### Aim of the task
Take the lines below between the one holding "v \<longleftrightarrow> v" and the one holding "c * fst (snd", inclusive, and copy them exactly. Add nothing.

Stored data:

(* Let $\mathcal{A}$ be a line arrangement in $\mathbb{P}^2_{\mathbb{C}}$ with $n=|\mathcal{A}|$. If $n\le 5$, then $\mathcal{A}$ is of type $\mathcal{C}_0$ or $\mathcal{C}_1$. If $n\le 6$, then $\mathcal{A}$ is of type $\mathcal{C}_0$, $\mathcal{C}_1$ or $\mathcal{C}_2$.
   Context: $\operatorname{mult}(\mathcal{A})$ is the set of points on at least three lines of $\mathcal{A}$. $\mathcal{A}$ is of type $\mathcal{C}_k$ if $k$ is the minimal number of lines of $\mathcal{A}$ whose union contains $\operatorname{mult}(\mathcal{A})$. *)

theory Defs
  imports Complex_Main
begin

text \<open>A point of P^2
  is represented by a nonzero vector of C^3 (any nonzero multiple represents the
  same point); a line is represented by a nonzero coefficient vector (a0,a1,a2),
  namely the line a0 x0 + a1 x1 + a2 x2 = 0.\<close>

type_synonym hvec = "complex \<times> complex \<times> complex"

definition nonzero_hv :: "hvec \<Rightarrow> bool" where
  "nonzero_hv v \<longleftrightarrow> v \<noteq> (0, 0, 0)"

definition smult_hv :: "complex \<Rightarrow> hvec \<Rightarrow> hvec" where
  "smult_hv c v = (c * fst v, c * fst (snd v), c * snd (snd v))"

definition proportional :: "hvec \<Rightarrow> hvec \<Rightarrow> bool" where
  "proportional u v \<longleftrightarrow> (\<exists>c. c \<noteq> 0 \<and> v = smult_hv c u)"

definition on_line :: "hvec \<Rightarrow> hvec \<Rightarrow> bool" where
  "on_line p a \<longleftrightarrow>
     fst a * fst p + fst (snd a) * fst (snd p) + snd (snd a) * snd (snd p) = 0"

definition line_arrangement :: "hvec set \<Rightarrow> bool" where
  "line_arrangement A \<longleftrightarrow> finite A \<and> (\<forall>a\<in>A. nonzero_hv a) \<and>
     (\<forall>a\<in>A. \<forall>b\<in>A. a \<noteq> b \<longrightarrow> \<not> proportional a b)"

text \<open>mult(A): points lying on at least three lines of A (as a set of
  homogeneous representatives).\<close>
definition mult_pts :: "hvec set \<Rightarrow> hvec set" where
  "mult_pts A = {p. nonzero_hv p \<and> card {a\<in>A. on_line p a} \<ge> 3}"

definition covers_mult :: "hvec set \<Rightarrow> hvec set \<Rightarrow> bool" where
  "covers_mult A B \<longleftrightarrow> (\<forall>p\<in>mult_pts A. \<exists>b\<in>B. on_line p b)"

definition type_C :: "hvec set \<Rightarrow> nat \<Rightarrow> bool" where
  "type_C A k \<longleftrightarrow>
     (\<exists>B\<subseteq>A. card B = k \<and> covers_mult A B) \<and>
     (\<forall>B\<subseteq>A. covers_mult A B \<longrightarrow> card B \<ge> k)"

end

theory Submission imports Defs begin

(* Fix a multiple point p of A and let P be the set of
   lines of A through p, so |P| >= 3.  A multiple point q different from p
   lies on at most one line of P (two distinct points span one line), hence on
   at least two lines outside P.  If, apart from a set X of lines, at most two
   lines T of A avoid p, then every multiple point q not on X and different
   from p lies on both lines of T; as two distinct lines meet in only one
   point, all such q coincide, and the line of P through that point covers
   them.  So mult(A) is covered by X plus one line.  With n <= m + 5 lines one
   can choose |X| <= m, giving a cover by m + 1 lines; m = 0 and m = 1 yield
   the two claims, since the type of A is the least size of a cover. *)

(* Incidence is a symmetric bilinear condition: points and lines are dual. *)
lemma on_line_sym: "on_line p a \<longleftrightarrow> on_line a p"
  by (cases p; cases a) (auto simp: on_line_def mult.commute)

lemma smult_hv_smult_hv: "smult_hv a (smult_hv b v) = smult_hv (a * b) v"
  by (simp add: smult_hv_def mult.assoc)

lemma on_line_proportional:
  assumes "proportional p q" "on_line p a"
  shows "on_line q a"
proof -
  obtain c where q: "q = smult_hv c p"
    using assms(1) by (auto simp: proportional_def)
  have "fst a * fst q + fst (snd a) * fst (snd q) + snd (snd a) * snd (snd q)
     = c * (fst a * fst p + fst (snd a) * fst (snd p) + snd (snd a) * snd (snd p))"
    by (simp add: q smult_hv_def algebra_simps)
  with assms(2) show ?thesis by (simp add: on_line_def)
qed

definition cross_hv :: "hvec \<Rightarrow> hvec \<Rightarrow> hvec" where
  "cross_hv u v =
     (fst (snd u) * snd (snd v) - snd (snd u) * fst (snd v),
      snd (snd u) * fst v - fst u * snd (snd v),
      fst u * fst (snd v) - fst (snd u) * fst v)"

lemma cross_hv_eq_zero_multiple:
  assumes "nonzero_hv c" "cross_hv w c = (0, 0, 0)"
  shows "\<exists>t. w = smult_hv t c"
proof -
  obtain c1 c2 c3 w1 w2 w3 where v: "c = (c1, c2, c3)" "w = (w1, w2, w3)"
    by (metis prod.exhaust)
  have e: "w2 * c3 = w3 * c2" "w3 * c1 = w1 * c3" "w1 * c2 = w2 * c1"
    using assms(2) by (simp_all add: v cross_hv_def)
  consider "c1 \<noteq> 0" | "c2 \<noteq> 0" | "c3 \<noteq> 0"
    using assms(1) by (auto simp: v nonzero_hv_def)
  then show ?thesis
  proof cases
    case 1 with e show ?thesis
      by (intro exI[of _ "w1 / c1"]) (auto simp: v smult_hv_def field_simps)
  next
    case 2 with e show ?thesis
      by (intro exI[of _ "w2 / c2"]) (auto simp: v smult_hv_def field_simps)
  next
    case 3 with e show ?thesis
      by (intro exI[of _ "w3 / c3"]) (auto simp: v smult_hv_def field_simps)
  qed
qed

lemma cross_hv_nonzero:
  assumes "nonzero_hv a" "nonzero_hv b" "\<not> proportional a b"
  shows "nonzero_hv (cross_hv a b)"
  unfolding nonzero_hv_def
proof
  assume "cross_hv a b = (0, 0, 0)"
  then have "cross_hv b a = (0, 0, 0)"
    by (cases a; cases b) (simp add: cross_hv_def algebra_simps)
  then obtain t where t: "b = smult_hv t a"
    using cross_hv_eq_zero_multiple[OF assms(1)] by blast
  with assms(2) have "t \<noteq> 0"
    by (auto simp: nonzero_hv_def smult_hv_def)
  with t assms(3) show False by (auto simp: proportional_def)
qed

(* Triple product expansion p x (a x b) = (b.p) a - (a.p) b, for p on a and b. *)
lemma cross_hv_cross_hv_on_lines:
  assumes "on_line p a" "on_line p b"
  shows "cross_hv p (cross_hv a b) = (0, 0, 0)"
proof -
  obtain a1 a2 a3 b1 b2 b3 p1 p2 p3
    where v: "a = (a1, a2, a3)" "b = (b1, b2, b3)" "p = (p1, p2, p3)"
    by (metis prod.exhaust)
  define \<alpha> where "\<alpha> = a1 * p1 + a2 * p2 + a3 * p3"
  define \<beta> where "\<beta> = b1 * p1 + b2 * p2 + b3 * p3"
  have "cross_hv p (cross_hv a b) =
      (\<beta> * a1 - \<alpha> * b1, \<beta> * a2 - \<alpha> * b2, \<beta> * a3 - \<alpha> * b3)"
    by (simp add: v cross_hv_def \<alpha>_def \<beta>_def algebra_simps)
  moreover have "\<alpha> = 0" "\<beta> = 0"
    using assms by (simp_all add: v on_line_def \<alpha>_def \<beta>_def)
  ultimately show ?thesis by simp
qed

### Task output
  "nonzero_hv v \<longleftrightarrow> v \<noteq> (0, 0, 0)"

definition smult_hv :: "complex \<Rightarrow> hvec \<Rightarrow> hvec" where
  "smult_hv c v = (c * fst v, c * fst (snd v), c * snd (snd v))"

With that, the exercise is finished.